Probably so. Rodeo is about 40 pounds and eats 14 oz a day. Any more than that and she gets chubby fast. I'm jealous that I didn't think to name a dog Eevee though


----------



## liquid (Dec 28, 2011)

Rodeo said:


> Probably so. Rodeo is about 40 pounds and eats 14 oz a day. Any more than that and she gets chubby fast. I'm jealous that I didn't think to name a dog Eevee though


How old is Rodeo?
Haha thanks, I love the name Eevee! I think it suits her well, she looks just like a fox. :wink:
At the shelter her original name was Zelda. After we renamed her, my friends laughed at how I went from "one dorky name to another" lol!


----------



## Rodeo (Sep 11, 2011)

liquid said:


> How old is Rodeo?
> Haha thanks, I love the name Eevee! I think it suits her well, she looks just like a fox. :wink:
> At the shelter her original name was Zelda. After we renamed her, my friends laughed at how I went from "one dorky name to another" lol!


Rodeo is a few days shy of 14 months. Eevee does suit her.. and it was my favorite pokemon :tape: She's the first dog I've seen here with ears that rival Rodie's haha.


----------



## liquid (Dec 28, 2011)

Rodeo said:


> Rodeo is a few days shy of 14 months. Eevee does suit her.. and it was my favorite pokemon :tape: She's the first dog I've seen here with ears that rival Rodie's haha.


Ah, I think after 12 months Eevee is supposed to eat a lot less. The meal calculator I used was: Totally Raw Natural Dog Food Meal Calculator 
LOL it was my favorite pokemon too! Oh gosh. Her ears are huge and they move around in the coolest way. I dont know how to even describe it :lol:

I weighed Eevee and the scale's reading 40lbs.  What have I done?!


----------



## Caty M (Aug 13, 2010)

I know what you mean about not needing a lot of raw food.. Tess gets 1-1.2lb per day, a bit less if it's something like beef heart.. but she only weighs 10lb! Mr Bishop weighs 18lb and only gets around 1/2lb.. and Miss Willow who is almost 70lb needs to lose a lot and will only be getting 1/2lb.. doesn't seem like a lot!


----------



## AveryandAudrey (Sep 20, 2010)

Everytime I see her I get sad because she looks so much like my dog I grew up with. she's so beautiful. Sorry for my sob story but I'm tearing up. Anyways, I think she looks pretty good, I think DaneMama has it right, just reduce a little food but she looks beautiful. Her coat is very nice.


----------



## xellil (Apr 4, 2011)

liquid said:


> I weighed Eevee and the scale's reading 40lbs.  What have I done?!

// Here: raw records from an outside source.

(* Fix an integer $l\ge -1$ and let $l_1=\lfloor\frac{l+1}{2}\rfloor$. Define \[H_l(x)=\sum_{k=-1}^{l}\ \sum_{\substack{\overline{x}\in\mathcal{Y}(k)\\ a(\overline{x})+b(\overline{x})-c(\overline{x})=2k+1-l}}\binom{x-3k-2}{k+1-a(\overline{x})-2b(\overline{x})},\] where $\binom{x-r}{s}$ denotes the polynomial $\frac{(x-r)(x-r-1)\cdots(x-r-s+1)}{s!}$ in $x$. Then $H_l(x)$ is a polynomial of degree $l_1$, and $l_1!\,H_l(x)$ is a monic polynomial with integer coefficients.
   Context: For $\overline{x}=(x_1,\ldots,x_t)\in\{1,2,3\}^t$ let $a(\overline{x})=\#\{i: x_i=2\}$, $b(\overline{x})=\#\{i: x_i=3\}$, and $c(\overline{x})=\#\{i\in[1,t]: \exists j_1,j_2\in[1,t],\ j_1+j_2=i,\ (x_{j_1},x_{j_2},x_i)=(1,1,2)\}$. For an integer $k\ge 0$, $\mathcal{Y}(k)$ is the set of tuples $\overline{x}\in\{1,2,3\}^{2k+1}$ such that (i) whenever $i_1,i_2,i_3\in[1,2k+1]$ satisfy $i_1+i_2=i_3$, $(x_{i_1},x_{i_2},x_{i_3})\ne(1,1,3)$, and (ii) $a(\overline{x})+2b(\overline{x})\le k+1$; $\mathcal{Y}(-1)=\{\emptyset\}$ consists of the empty tuple (with $a=b=c=0$). *)

theory Defs
  imports "HOL-Computational_Algebra.Polynomial"
begin

text \<open>Tuples in {1,2,3}^t are lists; the paper's 1-based entry x_i is xs ! (i - 1).\<close>

definition cnt_a :: "nat list \<Rightarrow> nat" where
  "cnt_a xs = card {i \<in> {1..length xs}. xs ! (i - 1) = 2}"

definition cnt_b :: "nat list \<Rightarrow> nat" where
  "cnt_b xs = card {i \<in> {1..length xs}. xs ! (i - 1) = 3}"

definition cnt_c :: "nat list \<Rightarrow> nat" where
  "cnt_c xs = card {i \<in> {1..length xs}. \<exists>j1\<in>{1..length xs}. \<exists>j2\<in>{1..length xs}.
      j1 + j2 = i \<and> xs ! (j1 - 1) = 1 \<and> xs ! (j2 - 1) = 1 \<and> xs ! (i - 1) = 2}"

definition Yset :: "int \<Rightarrow> nat list set" where
  "Yset k = (if k = -1 then {[]} else
     {xs. length xs = nat (2 * k + 1) \<and> set xs \<subseteq> {1, 2, 3} \<and>
          (\<forall>i1\<in>{1..length xs}. \<forall>i2\<in>{1..length xs}. \<forall>i3\<in>{1..length xs}.
              i1 + i2 = i3 \<longrightarrow>
              \<not> (xs ! (i1 - 1) = 1 \<and> xs ! (i2 - 1) = 1 \<and> xs ! (i3 - 1) = 3)) \<and>
          int (cnt_a xs) + 2 * int (cnt_b xs) \<le> k + 1})"

definition binom_poly :: "int \<Rightarrow> nat \<Rightarrow> rat poly" where
  "binom_poly r s = smult (1 / fact s) (\<Prod>i<s. [: - (of_int r + of_nat i), 1 :])"

definition H_poly :: "int \<Rightarrow> rat poly" where
  "H_poly l = (\<Sum>k\<in>{-1..l}. \<Sum>xs\<in>{xs \<in> Yset k.
       int (cnt_a xs) + int (cnt_b xs) - int (cnt_c xs) = 2 * k + 1 - l}.
       binom_poly (3 * k + 2) (nat (k + 1 - int (cnt_a xs) - 2 * int (cnt_b xs))))"

end

theory Submission
  imports Defs
begin

(* The summand indexed by k and x is binom(x - 3k - 2, s) with s = k + 1 - a - 2b, a polynomial
   of degree s with leading coefficient 1/s!.  The side condition a + b - c = 2k + 1 - l turns
   into 2s + a + 3b + c = l + 1, so s <= l1, and since c <= a, equality s = l1 forces
   (a, b, c) = (0, 0, 0) for odd l and (1, 0, 0) for even l.  The tuple is then all ones, resp.
   all ones but a single 2, and that 2 must come first: otherwise, being preceded only by ones,
   it sits at a position i > 1 with x_1 = x_(i-1) = 1 and is counted by c.  So exactly one summand
   has degree l1, and multiplying by l1! clears all denominators because s! divides l1!. *)

lemma coeff_prod_Ints:
  fixes f :: "'i \<Rightarrow> 'a::comm_ring_1 poly"
  assumes "\<And>i j. i \<in> A \<Longrightarrow> coeff (f i) j \<in> \<int>"
  shows "coeff (prod f A) n \<in> \<int>"
  using assms
proof (induction A arbitrary: n rule: infinite_finite_induct)
  case (insert i A)
  then show ?case
    by (simp add: coeff_mult Ints_sum Ints_mult)
qed (simp_all add: coeff_1)

lemma degree_binom_poly: "degree (binom_poly r s) = s"
  unfolding binom_poly_def by (simp add: degree_prod_eq_sum_degree)

lemma lead_coeff_binom_poly: "lead_coeff (binom_poly r s) = 1 / fact s"
  unfolding binom_poly_def by (simp add: lead_coeff_smult lead_coeff_prod)

lemma binom_poly_neq_0: "binom_poly r s \<noteq> 0"
  using lead_coeff_binom_poly[of r s] by auto

lemma coeff_smult_fact_binom_poly_Ints:
  assumes "s \<le> m"
  shows "coeff (smult (fact m) (binom_poly r s)) j \<in> \<int>"
proof -
  obtain d :: nat where d: "fact m = fact s * d"
    using fact_dvd[OF assms] by (auto elim: dvdE)
  then have "(fact m :: rat) = fact s * of_nat d"
    by (metis of_nat_fact of_nat_mult)
  then have "smult (fact m) (binom_poly r s) =
      smult (of_nat d) (\<Prod>i<s. [: - (of_int r + of_nat i), 1 :])"
    by (simp add: binom_poly_def)
  moreover have "coeff (\<Prod>i<s. [: - (of_int r + of_nat i), 1 :] :: rat poly) j \<in> \<int>"
    by (rule coeff_prod_Ints) (simp add: coeff_pCons split: nat.split)
  ultimately show ?thesis
    by (simp add: Ints_mult)
qed

lemma degree_lead_coeff_sum_dominant:
  fixes p :: "'i \<Rightarrow> 'a::comm_monoid_add poly"
  assumes "finite I" "i0 \<in> I" "p i0 \<noteq> 0" "degree (p i0) = n"
    and "\<And>i. i \<in> I - {i0} \<Longrightarrow> degree (p i) < n"
  shows "degree (sum p I) = n" "lead_coeff (sum p I) = lead_coeff (p i0)"
proof -
  have "coeff (sum p I) n = coeff (p i0) n + (\<Sum>i\<in>I - {i0}. coeff (p i) n)"
    using assms(1,2) by (simp add: coeff_sum sum.remove)
  also have "\<dots> = coeff (p i0) n"
    using assms(5) by (simp add: coeff_eq_0)
  finally have top: "coeff (sum p I) n = lead_coeff (p i0)"
    using assms(4) by simp
  moreover have "degree (sum p I) \<le> n"
    using assms by (intro degree_sum_le) (auto intro: less_imp_le)
  moreover have "lead_coeff (p i0) \<noteq> 0"
    using assms(3) by simp
  ultimately show "degree (sum p I) = n"
    using le_degree by (metis antisym)
  then show "lead_coeff (sum p I) = lead_coeff (p i0)"
    using top by simp
qed

lemma card_positions_eq_count_list:
  "card {i \<in> {1..length xs}. xs ! (i - 1) = x} = count_list xs x"
proof -
  have "{i \<in> {1..length xs}. xs ! (i - 1) = x} = Suc ` {i. i < length xs \<and> xs ! i = x}"
  proof (intro equalityI subsetI)
    fix i assume "i \<in> {i \<in> {1..length xs}. xs ! (i - 1) = x}"
    then show "i \<in> Suc ` {i. i < length xs \<and> xs ! i = x}"
      by (intro image_eqI[of _ _ "i - 1"]) auto
  qed auto
  then have "card {i \<in> {1..length xs}. xs ! (i - 1) = x} = length (filter (\<lambda>y. y = x) xs)"
    by (simp add: card_image length_filter_conv_card)
  also have "\<dots> = count_list xs x"
    by (induction xs) auto
  finally show ?thesis .
qed

lemma cnt_a_eq_count_list: "cnt_a xs = count_list xs 2"
  unfolding cnt_a_def by (rule card_positions_eq_count_list)

lemma cnt_b_eq_count_list: "cnt_b xs = count_list xs 3"
  unfolding cnt_b_def by (rule card_positions_eq_count_list)

lemma cnt_c_le_cnt_a: "cnt_c xs \<le> cnt_a xs"
  unfolding cnt_c_def cnt_a_def by (rule card_mono) auto

lemma cnt_c_2_replicate_1: "cnt_c (2 # replicate n 1) = 0"
  unfolding cnt_c_def by (auto simp: nth_Cons')

lemma hd_eq_2_if_cnt_c_eq_0:
  assumes "set xs \<subseteq> {1, 2, 3}" "3 \<notin> set xs" "2 \<in> set xs" "cnt_c xs = 0"
  shows "hd xs = 2"
proof (rule ccontr)
  assume "hd xs \<noteq> 2"
  obtain ys zs where xs: "xs = ys @ 2 # zs" and "2 \<notin> set ys"
    using split_list_first[OF assms(3)] by blast
  with assms(1,2) have ones: "set ys \<subseteq> {1}"
    by auto
  define m where "m = length ys"
  define C where "C = {i \<in> {1..length xs}. \<exists>j1\<in>{1..length xs}. \<exists>j2\<in>{1..length xs}.
      j1 + j2 = i \<and> xs ! (j1 - 1) = 1 \<and> xs ! (j2 - 1) = 1 \<and> xs ! (i - 1) = 2}"
  have "m > 0"
    using \<open>hd xs \<noteq> 2\<close> by (cases ys) (auto simp: xs m_def)
  have "ys ! i = 1" if "i < m" for i
    using nth_mem[of i ys] ones that unfolding m_def by blast
  then have "xs ! 0 = 1" "xs ! (m - 1) = 1" "xs ! m = 2"
    using \<open>m > 0\<close> by (auto simp: xs m_def nth_append)
  moreover have "m < length xs"
    by (simp add: xs m_def)
  ultimately have "Suc m \<in> C"
    using \<open>m > 0\<close> \<open>m < length xs\<close> unfolding C_def
    by (intro CollectI conjI bexI[of _ 1] bexI[of _ m]) auto
  moreover have "finite C"
    by (simp add: C_def)
  ultimately have "card C \<noteq> 0"
    using card_0_eq by blast
  moreover have "cnt_c xs = card C"
    unfolding cnt_c_def C_def ..
  ultimately show False
    using assms(4) by simp
qed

Haha. My Dobie gained nine pounds in the first 8 days or so on raw. I was giving him, oh, maybe 3 pounds a day more than he needed.


----------



## DaneLover228 (Nov 29, 2011)

I think it would probably be okay to cut her food back a little bit. She is eating the same amount as Monty and he weighs 90lbs. He gained weight quickly on raw as well. He's gained 10lbs since we started in December.


----------



## liquid (Dec 28, 2011)

AveryandAudrey said:


> Everytime I see her I get sad because she looks so much like my dog I grew up with. she's so beautiful. Sorry for my sob story but I'm tearing up. Anyways, I think she looks pretty good, I think DaneMama has it right, just reduce a little food but she looks beautiful. Her coat is very nice.


Aww, I dont know what to say. Eevee thanks you for the compliment. :redface:


xellil said:


> Haha. My Dobie gained nine pounds in the first 8 days or so on raw. I was giving him, oh, maybe 3 pounds a day more than he needed.


LOL, how did you get it all off? Im guessing you got a scale by the 9th day eh? :wink:


DaneLover228 said:


> I think it would probably be okay to cut her food back a little bit. She is eating the same amount as Monty and he weighs 90lbs. He gained weight quickly on raw as well. He's gained 10lbs since we started in December.


Yeah, she was getting 16oz in the morning and 16oz at night. Right now I reduced her meals to 14oz and 15oz, I'm going to work on getting her morning meal down lower. I like feeding her a large meal at night so it holds her over until morning without pukes. Monty is an adult, right? I was under the impression that puppies ate more % of their body weight since they were growing.


----------